◆ **SUPPLIED RECORDS**
◇ ◇ ◇ ◇ ◇

(* Let $\Omega$ be a bounded domain in $\mathbb R^n$, $n\ge3$, and let $(f,\Gamma)$ satisfy the standing structural assumptions. If $0<w\in LSC(\Omega)$ is a viscosity super-solution of $f(\lambda(-A^u))=1$ in $\Omega$ with $w(x)\to+\infty$ as $\mathrm{dist}(x,\partial\Omega)\to0$, and if $\mathbb R^n\setminus\bar\Omega$ contains a ball $B_R(x_0)$, then $w\ge u^{(out)}_{R,x_0}>0$ in $\Omega$.
   Context: Let $n\ge3$. For a positive $C^2$ function $u$, its conformal Hessian is $A^u=-\frac{2}{n-2}u^{-\frac{n+2}{n-2}}\nabla^2u+\frac{2n}{(n-2)^2}u^{-\frac{2n}{n-2}}\nabla u\otimes\nabla u-\frac{2}{(n-2)^2}u^{-\frac{2n}{n-2}}|\nabla u|^2I$, and $\lambda(-A^u)$ is the vector of eigenvalues of $-A^u$. Let $\Gamma_n=\{\mu:\mu_i>0\ \forall i\}$. Standing structural assumptions on $(f,\Gamma)$: $\Gamma\subset\mathbb R^n$ is an open symmetric cone with vertex at the origin, $\Gamma+\Gamma_n\subset\Gamma$; $f\in C^0(\bar\Gamma)$ symmetric, $f>0$ in $\Gamma$, $f=0$ on $\partial\Gamma$, $f(\lambda+\mu)\ge f(\lambda)$ for $\lambda\in\Gamma,\mu\in\Gamma_n$, $f$ homogeneous of some positive degree. Viscosity super-solution: $w\in LSC(\Omega)$ (lower semicontinuous, values in $\mathbb R\cup\{+\infty\}$, $w\not\equiv+\infty$) such that for every $x_0\in\Omega$, $\varphi\in C^2(\Omega)$ with $(w-\varphi)(x_0)=0$, $w-\varphi\ge0$ near $x_0$, either $\lambda(-A^\varphi(x_0))\notin\bar\Gamma$ or $f(\lambda(-A^\varphi(x_0)))\le1$. Canonical solutions: there is a unique constant $\alpha=\alpha(f)>0$ such that for all $R>0$, $x_0\in\mathbb R^n$ the function $u^{(out)}_{R,x_0}(x)=\alpha\big(\frac{R}{|x-x_0|^2-R^2}\big)^{\frac{n-2}{2}}$ satisfies $f(\lambda(-A^{u}))=1$ in $\mathbb R^n\setminus\bar B_R(x_0)$ (and $u^{(in)}_{R,x_0}(x)=\alpha\big(\frac{R}{R^2-|x-x_0|^2}\big)^{\frac{n-2}{2}}$ satisfies it in $B_R(x_0)$). *)

theory Defs
  imports "HOL-Analysis.Analysis"
begin

(* Points of R^n are vectors real^'n, n = CARD('n). *)

definition C2_on :: "(real^'n::finite) set \<Rightarrow> (real^'n \<Rightarrow> real) \<Rightarrow> bool" where
  "C2_on S \<phi> \<longleftrightarrow> (\<exists>D H. (\<forall>x\<in>S. (\<phi> has_derivative (\<lambda>h. D x \<bullet> h)) (at x))
      \<and> (\<forall>x\<in>S. (D has_derivative (\<lambda>h. H x *v h)) (at x))
      \<and> continuous_on S H)"

definition grad :: "(real^'n::finite \<Rightarrow> real) \<Rightarrow> real^'n \<Rightarrow> real^'n" where
  "grad \<phi> x = (\<chi> i. frechet_derivative \<phi> (at x) (axis i 1))"

definition hess :: "(real^'n::finite \<Rightarrow> real) \<Rightarrow> real^'n \<Rightarrow> real^'n^'n" where
  "hess \<phi> x = (\<chi> i j. frechet_derivative (\<lambda>y. grad \<phi> y $ i) (at x) (axis j 1))"

definition outer :: "real^'n::finite \<Rightarrow> real^'n \<Rightarrow> real^'n^'n" where
  "outer a b = (\<chi> i j. a $ i * b $ j)"

definition confHess :: "(real^'n::finite \<Rightarrow> real) \<Rightarrow> real^'n \<Rightarrow> real^'n^'n" where
  "confHess u x =
     (let n = real CARD('n); v = u x; g = grad u x in
        (- (2 / (n - 2)) * v powr (- (n + 2) / (n - 2))) *\<^sub>R hess u x
      + ((2 * n / (n - 2)^2) * v powr (- 2 * n / (n - 2))) *\<^sub>R outer g g
      - ((2 / (n - 2)^2) * v powr (- 2 * n / (n - 2)) * (norm g)^2) *\<^sub>R mat 1)"

definition diag_mat :: "real^'n::finite \<Rightarrow> real^'n^'n" where
  "diag_mat \<mu> = (\<chi> i j. if i = j then \<mu> $ i else 0)"

(* vector of eigenvalues of a symmetric matrix (ordering immaterial, f and \<Gamma> are symmetric) *)
definition eigvals :: "real^'n::finite^'n \<Rightarrow> real^'n" where
  "eigvals M = (SOME \<mu>. \<exists>P. orthogonal_matrix P \<and> M = transpose P ** diag_mat \<mu> ** P)"

definition pos_cone :: "(real^'n::finite) set" where
  "pos_cone = {\<mu>. \<forall>i. \<mu> $ i > 0}"

definition permute_vec :: "('n::finite \<Rightarrow> 'n) \<Rightarrow> real^'n \<Rightarrow> real^'n" where
  "permute_vec p \<mu> = (\<chi> i. \<mu> $ p i)"

definition structural :: "(real^'n::finite \<Rightarrow> real) \<Rightarrow> (real^'n) set \<Rightarrow> bool" where
  "structural f \<Gamma> \<longleftrightarrow>
     open \<Gamma> \<and> \<Gamma> \<noteq> {}
   \<and> (\<forall>\<mu>\<in>\<Gamma>. \<forall>t>0. t *\<^sub>R \<mu> \<in> \<Gamma>)
   \<and> (\<forall>p \<mu>. p permutes UNIV \<and> \<mu> \<in> \<Gamma> \<longrightarrow> permute_vec p \<mu> \<in> \<Gamma>)
   \<and> (\<forall>\<mu>\<in>\<Gamma>. \<forall>\<nu>\<in>pos_cone. \<mu> + \<nu> \<in> \<Gamma>)
   \<and> continuous_on (closure \<Gamma>) f
   \<and> (\<forall>p \<mu>. p permutes UNIV \<and> \<mu> \<in> closure \<Gamma> \<longrightarrow> f (permute_vec p \<mu>) = f \<mu>)
   \<and> (\<forall>\<mu>\<in>\<Gamma>. f \<mu> > 0)
   \<and> (\<forall>\<mu>\<in>frontier \<Gamma>. f \<mu> = 0)
   \<and> (\<forall>\<mu>\<in>\<Gamma>. \<forall>\<nu>\<in>pos_cone. f (\<mu> + \<nu>) \<ge> f \<mu>)
   \<and> (\<exists>d>0. \<forall>\<mu>\<in>closure \<Gamma>. \<forall>t>0. f (t *\<^sub>R \<mu>) = t powr d * f \<mu>)"

definition lsc_on :: "(real^'n::finite) set \<Rightarrow> (real^'n \<Rightarrow> ereal) \<Rightarrow> bool" where
  "lsc_on S w \<longleftrightarrow> (\<forall>x\<in>S. \<forall>c. c < w x \<longrightarrow> (\<exists>e>0. \<forall>y\<in>S. dist y x < e \<longrightarrow> c < w y))"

◇ ◇ ◇ ◇ ◇

Would you reproduce all of the data exactly, without a single alteration?

(* Let $\Omega$ be a bounded domain in $\mathbb R^n$, $n\ge3$, and let $(f,\Gamma)$ satisfy the standing structural assumptions. If $0<w\in LSC(\Omega)$ is a viscosity super-solution of $f(\lambda(-A^u))=1$ in $\Omega$ with $w(x)\to+\infty$ as $\mathrm{dist}(x,\partial\Omega)\to0$, and if $\mathbb R^n\setminus\bar\Omega$ contains a ball $B_R(x_0)$, then $w\ge u^{(out)}_{R,x_0}>0$ in $\Omega$.
   Context: Let $n\ge3$. For a positive $C^2$ function $u$, its conformal Hessian is $A^u=-\frac{2}{n-2}u^{-\frac{n+2}{n-2}}\nabla^2u+\frac{2n}{(n-2)^2}u^{-\frac{2n}{n-2}}\nabla u\otimes\nabla u-\frac{2}{(n-2)^2}u^{-\frac{2n}{n-2}}|\nabla u|^2I$, and $\lambda(-A^u)$ is the vector of eigenvalues of $-A^u$. Let $\Gamma_n=\{\mu:\mu_i>0\ \forall i\}$. Standing structural assumptions on $(f,\Gamma)$: $\Gamma\subset\mathbb R^n$ is an open symmetric cone with vertex at the origin, $\Gamma+\Gamma_n\subset\Gamma$; $f\in C^0(\bar\Gamma)$ symmetric, $f>0$ in $\Gamma$, $f=0$ on $\partial\Gamma$, $f(\lambda+\mu)\ge f(\lambda)$ for $\lambda\in\Gamma,\mu\in\Gamma_n$, $f$ homogeneous of some positive degree. Viscosity super-solution: $w\in LSC(\Omega)$ (lower semicontinuous, values in $\mathbb R\cup\{+\infty\}$, $w\not\equiv+\infty$) such that for every $x_0\in\Omega$, $\varphi\in C^2(\Omega)$ with $(w-\varphi)(x_0)=0$, $w-\varphi\ge0$ near $x_0$, either $\lambda(-A^\varphi(x_0))\notin\bar\Gamma$ or $f(\lambda(-A^\varphi(x_0)))\le1$. Canonical solutions: there is a unique constant $\alpha=\alpha(f)>0$ such that for all $R>0$, $x_0\in\mathbb R^n$ the function $u^{(out)}_{R,x_0}(x)=\alpha\big(\frac{R}{|x-x_0|^2-R^2}\big)^{\frac{n-2}{2}}$ satisfies $f(\lambda(-A^{u}))=1$ in $\mathbb R^n\setminus\bar B_R(x_0)$ (and $u^{(in)}_{R,x_0}(x)=\alpha\big(\frac{R}{R^2-|x-x_0|^2}\big)^{\frac{n-2}{2}}$ satisfies it in $B_R(x_0)$). *)

theory Defs
  imports "HOL-Analysis.Analysis"
begin

(* Points of R^n are vectors real^'n, n = CARD('n). *)

definition C2_on :: "(real^'n::finite) set \<Rightarrow> (real^'n \<Rightarrow> real) \<Rightarrow> bool" where
  "C2_on S \<phi> \<longleftrightarrow> (\<exists>D H. (\<forall>x\<in>S. (\<phi> has_derivative (\<lambda>h. D x \<bullet> h)) (at x))
      \<and> (\<forall>x\<in>S. (D has_derivative (\<lambda>h. H x *v h)) (at x))
      \<and> continuous_on S H)"

definition grad :: "(real^'n::finite \<Rightarrow> real) \<Rightarrow> real^'n \<Rightarrow> real^'n" where
  "grad \<phi> x = (\<chi> i. frechet_derivative \<phi> (at x) (axis i 1))"

definition hess :: "(real^'n::finite \<Rightarrow> real) \<Rightarrow> real^'n \<Rightarrow> real^'n^'n" where
  "hess \<phi> x = (\<chi> i j. frechet_derivative (\<lambda>y. grad \<phi> y $ i) (at x) (axis j 1))"

definition outer :: "real^'n::finite \<Rightarrow> real^'n \<Rightarrow> real^'n^'n" where
  "outer a b = (\<chi> i j. a $ i * b $ j)"

definition confHess :: "(real^'n::finite \<Rightarrow> real) \<Rightarrow> real^'n \<Rightarrow> real^'n^'n" where
  "confHess u x =
     (let n = real CARD('n); v = u x; g = grad u x in
        (- (2 / (n - 2)) * v powr (- (n + 2) / (n - 2))) *\<^sub>R hess u x
      + ((2 * n / (n - 2)^2) * v powr (- 2 * n / (n - 2))) *\<^sub>R outer g g
      - ((2 / (n - 2)^2) * v powr (- 2 * n / (n - 2)) * (norm g)^2) *\<^sub>R mat 1)"

definition diag_mat :: "real^'n::finite \<Rightarrow> real^'n^'n" where
  "diag_mat \<mu> = (\<chi> i j. if i = j then \<mu> $ i else 0)"

(* vector of eigenvalues of a symmetric matrix (ordering immaterial, f and \<Gamma> are symmetric) *)
definition eigvals :: "real^'n::finite^'n \<Rightarrow> real^'n" where
  "eigvals M = (SOME \<mu>. \<exists>P. orthogonal_matrix P \<and> M = transpose P ** diag_mat \<mu> ** P)"

definition pos_cone :: "(real^'n::finite) set" where
  "pos_cone = {\<mu>. \<forall>i. \<mu> $ i > 0}"

definition permute_vec :: "('n::finite \<Rightarrow> 'n) \<Rightarrow> real^'n \<Rightarrow> real^'n" where
  "permute_vec p \<mu> = (\<chi> i. \<mu> $ p i)"

definition structural :: "(real^'n::finite \<Rightarrow> real) \<Rightarrow> (real^'n) set \<Rightarrow> bool" where
  "structural f \<Gamma> \<longleftrightarrow>
     open \<Gamma> \<and> \<Gamma> \<noteq> {}
   \<and> (\<forall>\<mu>\<in>\<Gamma>. \<forall>t>0. t *\<^sub>R \<mu> \<in> \<Gamma>)
   \<and> (\<forall>p \<mu>. p permutes UNIV \<and> \<mu> \<in> \<Gamma> \<longrightarrow> permute_vec p \<mu> \<in> \<Gamma>)
   \<and> (\<forall>\<mu>\<in>\<Gamma>. \<forall>\<nu>\<in>pos_cone. \<mu> + \<nu> \<in> \<Gamma>)
   \<and> continuous_on (closure \<Gamma>) f
   \<and> (\<forall>p \<mu>. p permutes UNIV \<and> \<mu> \<in> closure \<Gamma> \<longrightarrow> f (permute_vec p \<mu>) = f \<mu>)
   \<and> (\<forall>\<mu>\<in>\<Gamma>. f \<mu> > 0)
   \<and> (\<forall>\<mu>\<in>frontier \<Gamma>. f \<mu> = 0)
   \<and> (\<forall>\<mu>\<in>\<Gamma>. \<forall>\<nu>\<in>pos_cone. f (\<mu> + \<nu>) \<ge> f \<mu>)
   \<and> (\<exists>d>0. \<forall>\<mu>\<in>closure \<Gamma>. \<forall>t>0. f (t *\<^sub>R \<mu>) = t powr d * f \<mu>)"

definition lsc_on :: "(real^'n::finite) set \<Rightarrow> (real^'n \<Rightarrow> ereal) \<Rightarrow> bool" where
  "lsc_on S w \<longleftrightarrow> (\<forall>x\<in>S. \<forall>c. c < w x \<longrightarrow> (\<exists>e>0. \<forall>y\<in>S. dist y x < e \<longrightarrow> c < w y))"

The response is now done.